Pilates mat work is a full-body workout and powerful for developing core strength. However, if you depend exclusively on Pilates for your strength training, you will need to add the resistance exercises done with large and small Pilates equipment. That will expand your options for developing strength in the limbs as well as the core, and provide the progressive resistance needed to build strength.

Many people value the long, lean-looking muscles that come from Pilates and are satisfied with the level of integrative, moderate strength training that Pilates provides. Pilates resistance training is enough to give you functional power, help build bone, and burn more calories because muscle is a calorie burner.

If you want even more strength and muscle, consider incorporating more traditional weight training. Pilates will help you weight train with better alignment, greater range of motion, and better focus.

"By adding Pilates to your cross-training, you'll improve the quality of your fitness, reduce your risk for overuse injuries and improve your climbing. Not only will you log more pitches in a single day, you'll climb them in better style," says Eric Horst, expert rock climber.

Cardio and Pilates Cross Training

Because of the health benefits of cardio training—such as strengthening the heart and lungs, reducing stress, and boosting energy levels—consider adding cardio exercises to your Pilates routine.

Interval training can be especially helpful if you are interested in weight loss. Strength training combined with cardio and a healthy diet is the best formula for weight loss, though Pilates helps weight loss with or without cardio.

Schedule Cross Training Workouts

Guidelines from the U.S. Department of Health and Human Services suggest that adults do moderate or high-intensity muscle strengthening exercise at least two days a week; Pilates would fall into the moderate category.

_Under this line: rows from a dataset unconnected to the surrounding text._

lemma not_integral_at_j_invariant_a2_a4:
  assumes P: "prime_of_K P" and "2 \<notin> P"
    and A: "A \<in> OK" "A \<notin> P" and B: "B \<in> OK"
    and disc: "B * (A^2 - 4 * B) \<in> P" "B * (A^2 - 4 * B) \<noteq> 0"
  shows "\<not> integral_at P (j_invariant 0 A 0 B 0)"
proof
  define c4 where "c4 = 16 * (A^2 - 3 * B)"
  define D where "D = 16 * B^2 * (A^2 - 4 * B)"
  have "A^2 - 3 * B \<in> OK"
    using A B by simp
  then have c4: "c4 \<in> OK"
    unfolding c4_def by (rule OK_mult[OF OK_numeral])
  assume "integral_at P (j_invariant 0 A 0 B 0)"
  then obtain t where t: "t \<in> OK" "t \<notin> P" "t * j_invariant 0 A 0 B 0 \<in> OK"
    unfolding integral_at_def by blast
  have "D \<noteq> 0"
    unfolding D_def using disc(2) by simp
  then have eq: "t * c4^3 = (t * j_invariant 0 A 0 B 0) * D"
    unfolding j_invariant_a2_a4 c4_def D_def by simp
  have "D = (16 * B) * (B * (A^2 - 4 * B))"
    unfolding D_def by (simp add: power2_eq_square)
  then have "D \<in> P"
    using prime_of_K_mult_left[OF P disc(1)] B by simp
  then have "t * c4^3 \<in> P"
    unfolding eq by (rule prime_of_K_mult_left[OF P _ t(3)])
  then have "c4 \<in> P"
    using t prime_of_K_mult_mem_iff[OF P t(1) OK_power[OF c4]] prime_of_K_power_mem_iff[OF P c4]
    by simp
  moreover have "16 \<notin> P"
    using prime_of_K_power_mem_iff[OF P, of 2 4] \<open>2 \<notin> P\<close> by simp
  ultimately have "A^2 - 3 * B \<in> P"
    using prime_of_K_mult_mem_iff[OF P OK_numeral \<open>A^2 - 3 * B \<in> OK\<close>] unfolding c4_def by blast
  with A show False
    using prime_of_K_mem_if_c4_disc_mem[OF P A(1) B _ disc(1)] by blast
qed

section \<open>The quartic form \<open>3a^4 + 12a^2b^2 + 2b^4\<close>\<close>

definition quartic :: "int \<Rightarrow> int \<Rightarrow> int" where
  "quartic a b = 3 * a^4 + 12 * a^2 * b^2 + 2 * b^4"

lemma sum_fourth_powers_eq_quartic: "(a - b)^4 + a^4 + (a + b)^4 = quartic a b"
  unfolding quartic_def by algebra

lemma quartic_gt_1:
  assumes "a \<noteq> 0 \<or> b \<noteq> 0"
  shows "quartic a b > 1"
proof -
  have "a^4 \<ge> 1 \<or> b^4 \<ge> 1"
    using assms by (auto simp: zero_less_power_eq int_one_le_iff_zero_less)
  moreover have "a^4 \<ge> 0" "b^4 \<ge> 0" "a^2 * b^2 \<ge> 0"
    by simp_all
  ultimately show ?thesis
    unfolding quartic_def by linarith
qed

lemma not_4_dvd_quartic:
  assumes "gcd a b = 1"
  shows "\<not> 4 dvd quartic a b"
proof
  assume four: "4 dvd quartic a b"
  then have "even (quartic a b)"
    by (rule dvd_trans[rotated]) simp
  then obtain k where a: "a = 2 * k"
    unfolding quartic_def by auto
  have "quartic a b = 4 * (12 * k^4 + 12 * k^2 * b^2) + 2 * b^4"
    unfolding quartic_def a by algebra
  then have "4 dvd 2 * b^4"
    using four by (simp add: dvd_add_right_iff)
  then have "even (b^4)"
    using dvd_mult_cancel_left[of 2 2 "b^4"] by simp
  then have "even b"
    by simp
  then have "2 dvd gcd a b"
    using a by simp
  with assms show False
    by simp
qed
text \<open>Every pmf has a decreasing enumeration: order the support by decreasing mass,
  breaking ties by a fixed injection into \<open>\<nat>\<close>.\<close>

lemma dec_enum_exists: "\<exists>N z. dec_enum p N z"
proof -
  define t where "t = to_nat_on (set_pmf p)"
  have t_inj: "inj_on t (set_pmf p)" unfolding t_def by (intro inj_on_to_nat_on) simp
  define lt where "lt b a \<longleftrightarrow> pmf p a < pmf p b \<or> (pmf p a = pmf p b \<and> t b < t a)" for a b
  have "\<exists>N z. bij_betw z {k. enat k < N} (set_pmf p) \<and>
           (\<forall>i j. enat j < N \<longrightarrow> i < j \<longrightarrow> lt (z i) (z j))"
  proof (rule rank_enumeration)
    show "lt a c" if "lt a b" "lt b c" for a b c using that unfolding lt_def by auto
    show "\<not> lt a a" for a unfolding lt_def by auto
    show "lt a b \<or> lt b a" if "a \<in> set_pmf p" "b \<in> set_pmf p" "a \<noteq> b" for a b
    proof -
      have "t a \<noteq> t b" using t_inj that unfolding inj_on_def by blast
      then show ?thesis unfolding lt_def by linarith
    qed
    show "finite {b\<in>set_pmf p. lt b a}" if "a \<in> set_pmf p" for a
    proof (rule finite_subset)
      show "{b\<in>set_pmf p. lt b a} \<subseteq> {x. pmf p x \<ge> pmf p a}" unfolding lt_def by auto
      show "finite {x. pmf p x \<ge> pmf p a}" using that by (intro finite_pmf_ge) (simp add: pmf_positive)
    qed
  qed
  then obtain N z where bij: "bij_betw z {k. enat k < N} (set_pmf p)"
      and order: "\<And>i j. enat j < N \<Longrightarrow> i < j \<Longrightarrow> lt (z i) (z j)"
    by blast
  have "pmf p (z j) \<le> pmf p (z i)" if "enat j < N" "i \<le> j" for i j
    using order[OF that(1), of i] that(2) unfolding lt_def by (cases "i = j") auto
  then show ?thesis unfolding dec_enum_def using bij by blast
qed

The guidelines also suggest a minimum of two hours and 30 minutes a week of aerobic activity (cardio), in sessions of at least 10 consecutive minutes each. These are minimums. You can work up to more. To get the full benefits of Pilates, aim for three sessions a week.

Cardio and strength training are best done on different days. That way you won't be too tired to do one or the other, and your muscles get a chance to rest and repair—which is how you actually build strength and endurance. It is also a good idea to alternate the exercise intensity levels in your weekly routine. An every-other-day cardio then strength program with alternating heavy and light workouts is a good choice.